◆ EXERCISE GOAL
Find the string "open" in the data, then copy every line where it is found.

═══ RECORDS ═══

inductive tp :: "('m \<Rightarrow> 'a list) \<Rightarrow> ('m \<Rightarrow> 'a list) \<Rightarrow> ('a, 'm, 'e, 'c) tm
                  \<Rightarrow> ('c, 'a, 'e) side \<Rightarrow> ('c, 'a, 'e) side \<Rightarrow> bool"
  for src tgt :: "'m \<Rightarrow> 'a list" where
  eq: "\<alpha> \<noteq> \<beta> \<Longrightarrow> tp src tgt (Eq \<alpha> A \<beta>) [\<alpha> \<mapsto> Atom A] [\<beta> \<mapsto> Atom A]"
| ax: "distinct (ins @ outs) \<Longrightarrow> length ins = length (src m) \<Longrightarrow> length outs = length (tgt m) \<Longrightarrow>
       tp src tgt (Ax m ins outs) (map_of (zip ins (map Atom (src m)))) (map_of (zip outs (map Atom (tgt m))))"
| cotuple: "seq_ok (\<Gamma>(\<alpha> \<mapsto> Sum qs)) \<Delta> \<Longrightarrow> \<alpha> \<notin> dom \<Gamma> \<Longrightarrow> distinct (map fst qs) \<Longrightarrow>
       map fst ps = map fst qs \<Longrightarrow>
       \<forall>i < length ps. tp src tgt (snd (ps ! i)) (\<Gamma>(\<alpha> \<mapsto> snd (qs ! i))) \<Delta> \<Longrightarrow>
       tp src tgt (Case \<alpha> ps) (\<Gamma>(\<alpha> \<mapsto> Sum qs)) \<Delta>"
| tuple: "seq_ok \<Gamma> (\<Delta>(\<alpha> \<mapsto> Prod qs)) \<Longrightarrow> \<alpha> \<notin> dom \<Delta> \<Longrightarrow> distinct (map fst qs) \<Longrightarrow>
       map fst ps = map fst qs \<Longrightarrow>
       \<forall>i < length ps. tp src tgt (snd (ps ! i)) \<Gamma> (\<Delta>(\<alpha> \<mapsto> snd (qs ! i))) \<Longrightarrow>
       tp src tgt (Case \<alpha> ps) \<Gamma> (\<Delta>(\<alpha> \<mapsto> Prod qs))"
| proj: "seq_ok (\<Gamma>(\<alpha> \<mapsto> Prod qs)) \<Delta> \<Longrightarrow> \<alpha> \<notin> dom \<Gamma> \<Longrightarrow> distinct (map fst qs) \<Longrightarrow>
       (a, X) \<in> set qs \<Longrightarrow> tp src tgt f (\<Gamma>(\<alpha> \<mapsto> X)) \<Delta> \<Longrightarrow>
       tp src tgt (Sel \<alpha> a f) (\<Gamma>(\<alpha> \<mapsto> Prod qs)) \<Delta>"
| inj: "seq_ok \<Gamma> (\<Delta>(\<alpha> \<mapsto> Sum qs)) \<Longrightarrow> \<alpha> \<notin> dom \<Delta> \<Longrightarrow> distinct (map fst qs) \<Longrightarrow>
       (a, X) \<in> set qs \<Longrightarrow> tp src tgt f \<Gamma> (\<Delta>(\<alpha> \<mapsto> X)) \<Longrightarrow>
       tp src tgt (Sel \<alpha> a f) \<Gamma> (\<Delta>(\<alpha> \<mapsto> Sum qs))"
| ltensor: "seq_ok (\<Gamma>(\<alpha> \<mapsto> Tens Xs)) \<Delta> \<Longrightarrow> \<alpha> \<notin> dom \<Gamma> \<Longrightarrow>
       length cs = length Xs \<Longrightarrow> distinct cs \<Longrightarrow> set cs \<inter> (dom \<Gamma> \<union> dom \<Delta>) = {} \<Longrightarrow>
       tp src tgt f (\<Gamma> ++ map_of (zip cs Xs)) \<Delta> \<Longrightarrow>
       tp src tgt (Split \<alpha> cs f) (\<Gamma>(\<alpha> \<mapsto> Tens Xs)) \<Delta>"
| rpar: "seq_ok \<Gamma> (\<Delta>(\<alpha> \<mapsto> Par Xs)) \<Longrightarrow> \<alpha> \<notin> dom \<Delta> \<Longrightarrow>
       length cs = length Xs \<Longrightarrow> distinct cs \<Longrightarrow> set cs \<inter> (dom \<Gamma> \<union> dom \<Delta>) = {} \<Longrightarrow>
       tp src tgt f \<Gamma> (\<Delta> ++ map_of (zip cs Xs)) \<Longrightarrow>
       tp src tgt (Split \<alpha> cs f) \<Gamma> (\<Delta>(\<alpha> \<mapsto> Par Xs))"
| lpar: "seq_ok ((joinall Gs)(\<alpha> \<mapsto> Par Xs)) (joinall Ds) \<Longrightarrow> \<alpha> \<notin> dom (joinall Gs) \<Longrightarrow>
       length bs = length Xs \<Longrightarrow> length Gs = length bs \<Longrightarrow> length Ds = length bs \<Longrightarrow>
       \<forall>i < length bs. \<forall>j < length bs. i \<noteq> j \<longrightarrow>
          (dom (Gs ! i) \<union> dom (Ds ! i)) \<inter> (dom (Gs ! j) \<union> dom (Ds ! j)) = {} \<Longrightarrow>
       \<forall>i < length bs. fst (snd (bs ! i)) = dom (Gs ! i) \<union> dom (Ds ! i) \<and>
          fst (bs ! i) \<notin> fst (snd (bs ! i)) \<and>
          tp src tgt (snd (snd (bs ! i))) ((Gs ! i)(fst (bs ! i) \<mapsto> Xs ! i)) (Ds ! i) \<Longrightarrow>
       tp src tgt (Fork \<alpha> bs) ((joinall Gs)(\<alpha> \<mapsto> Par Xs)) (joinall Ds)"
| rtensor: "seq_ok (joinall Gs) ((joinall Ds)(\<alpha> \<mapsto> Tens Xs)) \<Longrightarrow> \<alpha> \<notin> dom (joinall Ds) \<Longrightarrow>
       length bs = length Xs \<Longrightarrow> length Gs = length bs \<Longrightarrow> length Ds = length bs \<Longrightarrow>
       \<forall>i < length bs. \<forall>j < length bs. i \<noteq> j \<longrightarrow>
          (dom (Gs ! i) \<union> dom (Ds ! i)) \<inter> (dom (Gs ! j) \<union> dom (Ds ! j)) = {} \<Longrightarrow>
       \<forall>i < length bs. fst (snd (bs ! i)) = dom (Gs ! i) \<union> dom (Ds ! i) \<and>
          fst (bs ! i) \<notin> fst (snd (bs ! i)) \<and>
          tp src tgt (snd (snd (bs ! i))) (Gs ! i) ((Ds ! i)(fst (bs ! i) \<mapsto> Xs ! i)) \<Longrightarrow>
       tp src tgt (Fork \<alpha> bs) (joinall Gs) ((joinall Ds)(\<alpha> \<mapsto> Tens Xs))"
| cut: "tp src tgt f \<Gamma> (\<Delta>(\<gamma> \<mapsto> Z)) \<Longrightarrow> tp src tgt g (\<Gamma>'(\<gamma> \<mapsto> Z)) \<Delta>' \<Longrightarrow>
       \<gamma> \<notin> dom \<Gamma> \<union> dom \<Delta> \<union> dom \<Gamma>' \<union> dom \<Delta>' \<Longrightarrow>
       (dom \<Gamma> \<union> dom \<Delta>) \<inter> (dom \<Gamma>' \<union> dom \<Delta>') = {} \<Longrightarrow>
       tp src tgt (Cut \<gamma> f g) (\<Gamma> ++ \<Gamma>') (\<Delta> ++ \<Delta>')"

═══
═══ RECORDS ═══

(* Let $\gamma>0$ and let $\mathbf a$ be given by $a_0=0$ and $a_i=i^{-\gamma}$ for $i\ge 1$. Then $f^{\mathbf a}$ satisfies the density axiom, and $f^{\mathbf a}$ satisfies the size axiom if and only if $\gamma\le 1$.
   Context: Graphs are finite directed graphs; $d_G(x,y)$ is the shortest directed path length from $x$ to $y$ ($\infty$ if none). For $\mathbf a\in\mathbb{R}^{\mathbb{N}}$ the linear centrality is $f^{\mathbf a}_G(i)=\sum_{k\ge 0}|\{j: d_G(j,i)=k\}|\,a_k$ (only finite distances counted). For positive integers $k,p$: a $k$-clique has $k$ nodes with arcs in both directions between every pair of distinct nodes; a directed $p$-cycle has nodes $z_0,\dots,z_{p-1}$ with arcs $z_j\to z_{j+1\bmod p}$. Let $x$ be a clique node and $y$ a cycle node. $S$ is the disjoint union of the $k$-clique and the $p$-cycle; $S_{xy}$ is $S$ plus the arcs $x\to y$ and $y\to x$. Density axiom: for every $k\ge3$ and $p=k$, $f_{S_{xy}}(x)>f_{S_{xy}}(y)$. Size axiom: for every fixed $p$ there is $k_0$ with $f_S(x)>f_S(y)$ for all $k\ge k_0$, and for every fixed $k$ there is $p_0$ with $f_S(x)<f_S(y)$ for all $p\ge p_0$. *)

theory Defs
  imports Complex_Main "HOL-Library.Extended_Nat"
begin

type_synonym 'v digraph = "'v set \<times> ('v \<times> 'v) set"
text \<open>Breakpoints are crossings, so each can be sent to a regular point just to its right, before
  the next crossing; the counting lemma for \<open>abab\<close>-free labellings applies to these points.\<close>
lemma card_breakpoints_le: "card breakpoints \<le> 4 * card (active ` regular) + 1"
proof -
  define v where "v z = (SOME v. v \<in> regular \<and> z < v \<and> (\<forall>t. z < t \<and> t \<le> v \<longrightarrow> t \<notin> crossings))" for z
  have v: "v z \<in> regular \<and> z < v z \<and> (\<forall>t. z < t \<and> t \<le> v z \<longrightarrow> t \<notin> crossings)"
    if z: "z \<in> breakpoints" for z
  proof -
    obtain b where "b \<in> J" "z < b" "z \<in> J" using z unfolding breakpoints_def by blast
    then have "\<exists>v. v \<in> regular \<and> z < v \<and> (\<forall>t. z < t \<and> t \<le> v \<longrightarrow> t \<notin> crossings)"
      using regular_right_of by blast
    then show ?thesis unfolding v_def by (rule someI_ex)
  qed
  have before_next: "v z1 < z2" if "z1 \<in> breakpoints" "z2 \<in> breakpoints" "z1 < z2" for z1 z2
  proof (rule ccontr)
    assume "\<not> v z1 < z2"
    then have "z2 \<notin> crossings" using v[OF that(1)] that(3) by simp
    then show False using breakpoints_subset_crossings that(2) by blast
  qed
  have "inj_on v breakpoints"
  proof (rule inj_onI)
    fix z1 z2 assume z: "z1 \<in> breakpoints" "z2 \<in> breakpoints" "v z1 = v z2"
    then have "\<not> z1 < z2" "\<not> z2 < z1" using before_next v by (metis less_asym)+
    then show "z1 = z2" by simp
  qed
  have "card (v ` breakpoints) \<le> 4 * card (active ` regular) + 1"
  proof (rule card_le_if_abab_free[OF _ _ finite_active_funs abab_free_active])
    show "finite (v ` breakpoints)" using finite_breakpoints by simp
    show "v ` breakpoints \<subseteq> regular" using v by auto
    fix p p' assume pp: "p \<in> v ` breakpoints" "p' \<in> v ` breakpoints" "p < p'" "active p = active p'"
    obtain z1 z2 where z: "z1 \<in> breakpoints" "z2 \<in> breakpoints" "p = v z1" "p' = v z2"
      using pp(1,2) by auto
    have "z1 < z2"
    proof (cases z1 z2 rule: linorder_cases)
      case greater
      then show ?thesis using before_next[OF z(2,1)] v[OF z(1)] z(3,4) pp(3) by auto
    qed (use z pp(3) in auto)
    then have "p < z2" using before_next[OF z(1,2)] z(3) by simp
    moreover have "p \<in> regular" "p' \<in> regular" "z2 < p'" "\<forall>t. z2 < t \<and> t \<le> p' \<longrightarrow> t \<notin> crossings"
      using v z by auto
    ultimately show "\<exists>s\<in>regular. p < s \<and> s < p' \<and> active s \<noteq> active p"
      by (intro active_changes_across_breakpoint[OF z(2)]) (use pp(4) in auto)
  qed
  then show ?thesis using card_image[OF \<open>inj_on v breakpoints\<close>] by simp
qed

═══

◆ WRITTEN SOLUTION
text \<open>Breakpoints are crossings, so each can be sent to a regular point just to its right, before
  the next crossing; the counting lemma for \<open>abab\<close>-free labellings applies to these points.\<close>
  then show ?thesis using card_image[OF \<open>inj_on v breakpoints\<close>] by simp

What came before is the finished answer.